Single by KMFDM

from the album Nihil
- B-side: "Kraut"
- Released: 28 February 1995
- Genre: Industrial rock
- Length: 5:40
- Label: Wax Trax!/TVT
- Songwriters: Sascha Konietzko, Klaus Schandelmaier, Günter Schulz, Raymond Watts
- Producer: Sascha Konietzko

KMFDM singles chronology
| "Glory" (1994) | "Juke-Joint Jezebel" (1995) | "Brute" (1995) |

Audio sample
- "Juke-Joint Jezebel"file; help;

= Juke-Joint Jezebel =

"Juke-Joint Jezebel" is a song by industrial rock group KMFDM from their 1995 album Nihil. It is KMFDM's most widely known song to date, with around three million copies of the song sold across various releases.

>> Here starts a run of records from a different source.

lemma is_path_iff_rtrancl_path:
  "is_path E p a b \<longleftrightarrow> (\<exists>xs. p = a # xs \<and> rtrancl_path (\<lambda>x y. (x, y) \<in> E) a xs b)"
proof -
  have "is_path E (a # xs) a b \<longleftrightarrow> rtrancl_path (\<lambda>x y. (x, y) \<in> E) a xs b" for xs
  proof (induction xs arbitrary: a)
    case Nil
    show ?case by (auto simp: is_path_def elim: rtrancl_path.cases intro: rtrancl_path.base)
  next
    case (Cons x xs)
    have "is_path E (a # x # xs) a b \<longleftrightarrow> (a, x) \<in> E \<and> is_path E (x # xs) x b"
      by (auto simp: is_path_def)
    then show ?case using Cons.IH by (auto elim: rtrancl_path.cases intro: rtrancl_path.step)
  qed
  moreover have "is_path E p a b \<Longrightarrow> p = a # tl p"
    by (cases p) (auto simp: is_path_def)
  ultimately show ?thesis by metis
qed

lemma rtrancl_iff_rtrancl_path:
  "(a, b) \<in> E\<^sup>* \<longleftrightarrow> (\<exists>xs. rtrancl_path (\<lambda>x y. (x, y) \<in> E) a xs b)"
  by (simp add: rtranclp_eq_rtrancl_path[symmetric] rtranclp_rtrancl_eq)

lemma is_path_rtrancl: "is_path E p a b \<Longrightarrow> (a, b) \<in> E\<^sup>*"
  by (auto simp: is_path_iff_rtrancl_path rtrancl_iff_rtrancl_path)

lemma rtrancl_obtain_distinct_path:
  assumes "(a, b) \<in> E\<^sup>*"
  obtains p where "is_path E p a b" "distinct p"
proof -
  obtain xs where "rtrancl_path (\<lambda>x y. (x, y) \<in> E) a xs b"
    using assms by (auto simp: rtrancl_iff_rtrancl_path)
  then obtain ys where "rtrancl_path (\<lambda>x y. (x, y) \<in> E) a ys b" "distinct (a # ys)"
    by (rule rtrancl_path_distinct)
  then show thesis using that[of "a # ys"] by (simp add: is_path_iff_rtrancl_path)
qed

lemma is_path_path_edges_subset: "is_path E p a b \<Longrightarrow> path_edges p \<subseteq> E"
  by (simp add: is_path_def path_edges_def)

lemma is_path_mono: "is_path E p a b \<Longrightarrow> path_edges p \<subseteq> F \<Longrightarrow> is_path F p a b"
  by (simp add: is_path_def path_edges_def)

lemma twin_free_path_edges: "distinct p \<Longrightarrow> twin_free (path_edges p)"
proof (induction p rule: induct_list012)
  case (3 x y zs)
  have "(x, y) \<notin> path_edges (y # zs)" "(y, x) \<notin> path_edges (y # zs)"
    using "3.prems" by (auto simp: path_edges_def dest: set_zip_leftD set_zip_rightD)
  then show ?case using 3 by (auto simp: twin_free_def path_edges_def)
qed (simp_all add: twin_free_def path_edges_def)

lemma twin_free_Un:
  "twin_free A \<Longrightarrow> twin_free B \<Longrightarrow> \<forall>(x, y) \<in> A. (y, x) \<notin> B \<Longrightarrow> twin_free (A \<union> B)"
  unfolding twin_free_def by blast

lemma twinless_sc_iff_twin_free_subgraph:
  "twinless_sc E a b \<longleftrightarrow> (\<exists>F \<subseteq> E. twin_free F \<and> (a, b) \<in> F\<^sup>* \<and> (b, a) \<in> F\<^sup>*)"
proof
  assume "twinless_sc E a b"
  then obtain p q where p: "is_path E p a b" and q: "is_path E q b a"
    and no_twins: "\<forall>(x, y) \<in> path_edges p. (y, x) \<notin> path_edges q"
    unfolding twinless_sc_def by blast
  obtain p' where p': "is_path (path_edges p) p' a b" "distinct p'"
    using is_path_rtrancl[OF is_path_mono[OF p order_refl]] by (rule rtrancl_obtain_distinct_path)
  obtain q' where q': "is_path (path_edges q) q' b a" "distinct q'"
    using is_path_rtrancl[OF is_path_mono[OF q order_refl]] by (rule rtrancl_obtain_distinct_path)
  define F where "F = path_edges p' \<union> path_edges q'"
  have sub: "path_edges p' \<subseteq> path_edges p" "path_edges q' \<subseteq> path_edges q"
    using p'(1) q'(1) by (simp_all add: is_path_path_edges_subset)
  have "(y, x) \<notin> path_edges q'" if "(x, y) \<in> path_edges p'" for x y
  proof -
    have "(x, y) \<in> path_edges p" using that sub(1) by blast
    then have "(y, x) \<notin> path_edges q" using no_twins by fast
    then show ?thesis using sub(2) by blast
  qed
  then have "twin_free F"
    unfolding F_def using p'(2) q'(2) by (intro twin_free_Un twin_free_path_edges) auto
  moreover have "F \<subseteq> E"
    using sub is_path_path_edges_subset[OF p] is_path_path_edges_subset[OF q]
    unfolding F_def by blast
  moreover have "(a, b) \<in> F\<^sup>*" "(b, a) \<in> F\<^sup>*"
    using is_path_rtrancl[OF is_path_mono[OF p'(1)]] is_path_rtrancl[OF is_path_mono[OF q'(1)]]
    by (simp_all add: F_def)
  ultimately show "\<exists>F \<subseteq> E. twin_free F \<and> (a, b) \<in> F\<^sup>* \<and> (b, a) \<in> F\<^sup>*" by blast
next
  assume "\<exists>F \<subseteq> E. twin_free F \<and> (a, b) \<in> F\<^sup>* \<and> (b, a) \<in> F\<^sup>*"
  then obtain F where F: "F \<subseteq> E" "twin_free F" "(a, b) \<in> F\<^sup>*" "(b, a) \<in> F\<^sup>*" by blast
  obtain p q where p: "is_path F p a b" and q: "is_path F q b a"
    using F(3,4) rtrancl_obtain_distinct_path by metis
  have p_F: "path_edges p \<subseteq> F" and q_F: "path_edges q \<subseteq> F"
    using p q by (simp_all add: is_path_path_edges_subset)
  have "is_path E p a b" "is_path E q b a"
    using is_path_mono[OF p] is_path_mono[OF q] p_F q_F F(1) by simp_all
  moreover have "\<forall>(x, y) \<in> path_edges p. (y, x) \<notin> path_edges q"
    using p_F q_F F(2) unfolding twin_free_def by blast
  ultimately show "twinless_sc E a b" unfolding twinless_sc_def by blast
qed

lemma twinless_sc_refl: "twinless_sc E a a"
  unfolding twinless_sc_iff_twin_free_subgraph by (rule exI[of _ "{}"]) (simp add: twin_free_def)

lemma twinless_sc_sym: "twinless_sc E a b \<Longrightarrow> twinless_sc E b a"
  unfolding twinless_sc_iff_twin_free_subgraph by blast

lemma twinless_sc_mono: "twinless_sc E a b \<Longrightarrow> E \<subseteq> E' \<Longrightarrow> twinless_sc E' a b"
  unfolding twinless_sc_iff_twin_free_subgraph by blast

==Background and composition==
The music for the song was written primarily by KMFDM frontman Sascha Konietzko, who asked returning band member Raymond Watts to write the lyrics for "Juke-Joint Jezebel" as well as a few other tracks from Nihil. Also credited as authors are En Esch and Günter Schulz. When mixing the song, Konietzko thought it sounded too "awful" to be included on Nihil, but TVT Records, to whom KMFDM were signed at the time, wanted to put it on the album, certain it would become a hit.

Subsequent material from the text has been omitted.